There was also this: “Oh, I get it. The sludge the far left is pumping into the political waters is okay but the right's sludge is not. Now that's the kind of balance that a liberal can get behind.”
No, I think “sludge” is wrong wherever it comes from. But there is a fair point embedded in the criticism: that the word “propaganda” covers a lot of ground, so let’s make a distinction. It’s perfectly legitimate for conservatives to argue that the Obama health plan will cost the government too much money. This is an idea they might well want to propagate, which is where the word “propaganda” comes from. I disagree with that view, but it’s something we can argue about by mustering facts and speaking openly about the values we bring to those facts.
But it was not legitimate to say the health plan should be killed because it included “death panels,” since there was nothing even remotely resembling “death panels” in the bill. My core point was that the mainstream media should not be subtly or unsubtly pushed into accepting untrue or misleading right-wing propaganda to frame news stories. (It should not accept left-wing propaganda to do that, either.)

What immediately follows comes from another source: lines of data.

lemma pres_eq_subst_word:
  assumes "pres_eq R u v"
  shows "pres_eq (subst_word s ` R) (subst_word s u) (subst_word s v)"
  using assms
proof (induction rule: pres_eq.induct)
  case (refl w)
  show ?case by (rule pres_eq.refl)
next
  case (sym u v)
  show ?case using sym.IH by (rule pres_eq.sym)
next
  case (trans u v w)
  show ?case using trans.IH by (rule pres_eq.trans)
next
  case (cancel u a b v)
  have "pres_eq (subst_word s ` R) (subst_word s [(a, b), (a, \<not> b)]) []"
    by (simp add: pres_eq_inv_word_append pres_eq_append_inv_word)
  then show ?case using pres_eq_Nil_context by fastforce
next
  case (relator r u v)
  then show ?case using pres_eq.relator[of "subst_word s r"] by simp
qed

definition pres_subst :: "'a word set \<Rightarrow> ('a \<Rightarrow> 'b word) \<Rightarrow> 'a word set \<Rightarrow> 'b word set" where
  "pres_subst R s C = (\<Union>u\<in>C. pres_class (subst_word s ` R) (subst_word s u))"

lemma pres_subst_class:
  "pres_subst R s (pres_class R w) = pres_class (subst_word s ` R) (subst_word s w)"
proof -
  have "pres_class (subst_word s ` R) (subst_word s u) = pres_class (subst_word s ` R) (subst_word s w)"
    if "u \<in> pres_class R w" for u
  proof -
    have "pres_eq R u w" using that by (simp add: pres_class_def)
    then show ?thesis by (simp add: pres_class_eq_iff pres_eq_subst_word)
  qed
  moreover have "w \<in> pres_class R w"
    by (simp add: pres_class_def pres_eq.refl)
  ultimately show ?thesis
    unfolding pres_subst_def by blast
qed

lemma pres_subst_hom:
  "pres_subst R s \<in> hom (presentation A R) (presentation UNIV (subst_word s ` R))"
proof (rule homI)
  fix x
  assume "x \<in> carrier (presentation A R)"
  then show "pres_subst R s x \<in> carrier (presentation UNIV (subst_word s ` R))"
    by (auto elim!: presentation_carrierE simp: pres_subst_class intro!: pres_class_in_carrier)
next
  fix x y
  assume "x \<in> carrier (presentation A R)" and "y \<in> carrier (presentation A R)"
  then show "pres_subst R s (x \<otimes>\<^bsub>presentation A R\<^esub> y) =
      pres_subst R s x \<otimes>\<^bsub>presentation UNIV (subst_word s ` R)\<^esub> pres_subst R s y"
    by (auto elim!: presentation_carrierE simp: pres_subst_class mult_presentation)
qed

primrec act_word :: "('a \<times> bool \<Rightarrow> 'c \<Rightarrow> 'c) \<Rightarrow> 'a word \<Rightarrow> 'c \<Rightarrow> 'c" where
  "act_word f [] = id"
| "act_word f (l # w) = f l \<circ> act_word f w"

lemma act_word_append [simp]: "act_word f (u @ v) = act_word f u \<circ> act_word f v"
  by (induction u) auto

locale word_action =
  fixes f :: "'a \<times> bool \<Rightarrow> 'c \<Rightarrow> 'c" and D :: "'c set"
  assumes letter_closed: "x \<in> D \<Longrightarrow> f l x \<in> D"
    and letter_inverse: "x \<in> D \<Longrightarrow> f (a, \<not> b) (f (a, b) x) = x"
begin

lemma act_word_closed: "x \<in> D \<Longrightarrow> act_word f w x \<in> D"
  by (induction w) (auto intro: letter_closed)

lemma act_word_inv_word: "x \<in> D \<Longrightarrow> act_word f (inv_word w) (act_word f w x) = x"
proof (induction w)
  case Nil
  show ?case by simp
next
  case (Cons l w)
  obtain a b where l: "l = (a, b)" by force
  show ?case
    using Cons letter_inverse[OF act_word_closed[OF Cons.prems]] by (simp add: l)
qed

lemma act_word_pres_eq:
  assumes relators: "\<And>r x. r \<in> R \<Longrightarrow> x \<in> D \<Longrightarrow> act_word f r x = x"
    and "pres_eq R u v" and "x \<in> D"
  shows "act_word f u x = act_word f v x"
  using assms(2,3)
proof (induction arbitrary: x rule: pres_eq.induct)
  case (cancel u a b v)
  have "f (a, b) (f (a, \<not> b) y) = y" if "y \<in> D" for y
    using letter_inverse[OF that, of a "\<not> b"] by simp
  then show ?case using act_word_closed[OF cancel.prems] by simp
next
  case (relator r u v)
  then show ?case using act_word_closed relators by simp
qed auto

lemma inj_on_pres_subst:
  assumes relators: "\<And>r x. r \<in> R \<Longrightarrow> x \<in> D \<Longrightarrow> act_word f (subst_word s r) x = x"
    and orbit: "\<And>w. set w \<subseteq> A \<times> UNIV \<Longrightarrow> act_word f (subst_word s w) x\<^sub>0 = \<theta> (pres_class R w)"
    and separating: "inj_on \<theta> (carrier (presentation A R))"
    and "x\<^sub>0 \<in> D"
  shows "inj_on (pres_subst R s) (carrier (presentation A R))"
proof (rule inj_onI)
  fix x y
  assume x: "x \<in> carrier (presentation A R)" and y: "y \<in> carrier (presentation A R)"
    and eq: "pres_subst R s x = pres_subst R s y"
  obtain u where u: "x = pres_class R u" "set u \<subseteq> A \<times> UNIV"
    using x by (rule presentation_carrierE)
  obtain v where v: "y = pres_class R v" "set v \<subseteq> A \<times> UNIV"
    using y by (rule presentation_carrierE)
  have "pres_eq (subst_word s ` R) (subst_word s u) (subst_word s v)"
    using eq by (simp add: u v pres_subst_class pres_class_eq_iff)
  moreover have "\<And>r x. r \<in> subst_word s ` R \<Longrightarrow> x \<in> D \<Longrightarrow> act_word f r x = x"
    using relators by blast
  ultimately have "act_word f (subst_word s u) x\<^sub>0 = act_word f (subst_word s v) x\<^sub>0"
    using act_word_pres_eq \<open>x\<^sub>0 \<in> D\<close> by blast
  then have "\<theta> x = \<theta> y"
    by (simp add: orbit u v)
  then show "x = y"
    using separating x y by (simp add: inj_on_eq_iff)
qed

end

section \<open>An action of F_2 in which a_i acts as g_i\<close>

lemma funpow_inverse_on:
  assumes "\<And>x. x \<in> D \<Longrightarrow> f x \<in> D" and "\<And>x. x \<in> D \<Longrightarrow> g (f x) = x" and "x \<in> D"
  shows "(g ^^ n) ((f ^^ n) x) = x"
  using assms(3)
proof (induction n arbitrary: x)
  case 0
  show ?case by simp
next
  case (Suc n)
  have "(g ^^ Suc n) ((f ^^ Suc n) x) = g ((g ^^ n) ((f ^^ n) (f x)))"
    by (simp add: funpow_swap1)
  also have "\<dots> = x"
    using Suc assms(1,2) by simp
  finally show ?case .
qed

It took mainstream journalism far too long to make clear that the death panels were a pure invention. Some news stories treated a factual matter as a matter of opinion, thereby legitimating a falsehood. Consider this sentence -- not atypical of how the matter was treated in other outlets -- from the ABC News website in August, 2009: “The House bill, H.R. 3200, also includes controversial ‘end of life care’ consultations, which would reimburse doctors for discussing end-of-life arrangements with patients, but which some critics have characterized as ‘death panels’.” That’s simply wrong. There were no death panels, period, no matter how anyone “characterized” anything. As Trudy Lieberman wrote in the Columbia Journalism Review:
Traditional journalism tends to be reactive, and the ill-effects of this were never more evident than with the “death-panel” debacle. Instead of bringing audiences around to a serious discussion of end-of-life care, the press let right-wing ideologues set the agenda with misinformation before eventually doing the stories that refuted the outrageous claims of Sarah Palin and others. But it was too little, too late.
A few commenters raised the issue of whether the right-wing was responsible for the pain Shirley Sherrod was put though, or whether it was really the Obama administration’s fault for accepting the video at face value and asking her to quit. One reader wrote: “I believe the Democrats did this to themselves and now are trying to blame the Republicans. Typical of the left -- won't take responsibility for their own actions.”
As it happens, the third, fourth and fifth paragraphs of my column were devoted to criticizing what I called the “shameful” response of the administration. But the simple fact is that Obama’s lieutenants were not responsible for publicizing a distorted video. Conservative blogger Andrew Breitbart was.
There is much more to be said on this subject, and I hope we can keep the conversation going. I expressed hope that this episode would be a turning point, and it’s nice to know that a lot of other people hope so, too.